3.5. Antibacterial Activities

Antibacterial activity was determined against six pathogenic bacteria, Escherichia coli (ATCC 25922), Staphylococcus aureus (ATCC 25923), S. albus (ATCC 8799), Micrococcus luteus (ATCC 10240), Vibrio parahaemolyticus (ATCC 17802) and V. alginolyticus (ATCC 17749) by the microplate assay method [22]. Ciprofloxacin was used as the positive control.
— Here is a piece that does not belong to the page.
(* Let $q\leqslant n+1$. For any nonzero $\psi=(F,G)\in\mathcal H_{\mathbf d}[q\,;\,s]$, $\kappa_*(\psi)\leqslant\dfrac{\|\psi\|}{d(\psi,\Sigma_* )}$, where distance and norm are those induced by the Weyl inner product.
   Context: $\mathcal H_{\mathbf d}[q]$: $q$-tuples of real homogeneous polynomials in $X_0,\dots,X_n$ of degrees $d_1,\dots,d_q$ with the Weyl inner product ($\langle h,h'\rangle=\sum_{|a|=d}\binom{d}{a}^{-1}h_ah'_a$ for degree-$d$ forms with coefficients $h_a,h'_a$, $\binom da$ multinomial; summed over components). $\mathcal H_{\mathbf d}[q\,;\,s]$: pairs $(F,G)$ with $F$ a $q$-tuple and $G$ an $s$-tuple, i.e. $\mathcal H_{\mathbf d}[q+s]$. For $F\in\mathcal H_{\mathbf d}[q]$, $x\in\mathbb S^n$: $T_x=\{x\}^\perp$, $\Delta=\mathrm{diag}(\sqrt{d_i})$, $\mu_{\mathrm{proj}}(F,x)=\|F\|\,\|(\mathrm DF(x)|_{T_x})^\dagger\Delta\|$ if $\mathrm DF(x)|_{T_x}$ surjective, else $\infty$; $\kappa(F,x)=(\mu_{\mathrm{proj}}(F,x)^{-2}+\|F(x)\|^2/\|F\|^2)^{-1/2}$ (conventions $\infty^{-1}=0$, $0^{-1}=\infty$, $\kappa(0,x)=\infty$); $\kappa(F)=\max_{x\in\mathbb S^n}\kappa(F,x)$. For a subtuple $L$ of $G$, $F^L$ is $F$ with the polynomials of $L$ appended. $\kappa_*(F,G)=\max\{\kappa(F^L):L\subseteq G,\ q+|L|\leq n+1\}$, and $\Sigma_*=\{\psi\in\mathcal H_{\mathbf d}[q\,;\,s]:\kappa_*(\psi)=\infty\}$. *)

theory Defs
  imports Complex_Main "HOL-Library.Extended_Real"
begin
3.6. Insecticidal Activities against Newly Hatched Larvae of Culex Quinquefasciatus

In the test, each containing 10 neonate larvaes of C. quinquefasciatus in 6-well microtiter plates, the examined compounds were dissolved in DMSO at the concentration of 1 mg/mL [14]. DMSO was used as the negative control, Azadirachtin was used as the positive control, and 10 mL dechlorinated water was used as the blank control. The number of dead larvae was recorded on the 1st, 2nd, 3rd, and 4th day after treatment, respectively [23].

4. Conclusions

In summary, three new lactones, penicilactones A−C (1–3) with a 6,7-dihydroxyocta-2,4-dien skeleton, were isolated from the mangrove-derived fungus Penicillium sp. TGM112. Their absolute configurations were determined by Mo2(OAc)4-induced electronic circular dichroism (ECD) and circular dichroism (CD) spectroscopy. Compound 1 showed antibacterial activity against Staphylococcus aureus with an MIC value of 6.25 μg/mL. Compound 2 showed insecticidal activity against newly hatched larvae of C. quinquefasciatus with an LC50 value of 78.5 (±0.58) μg/mL.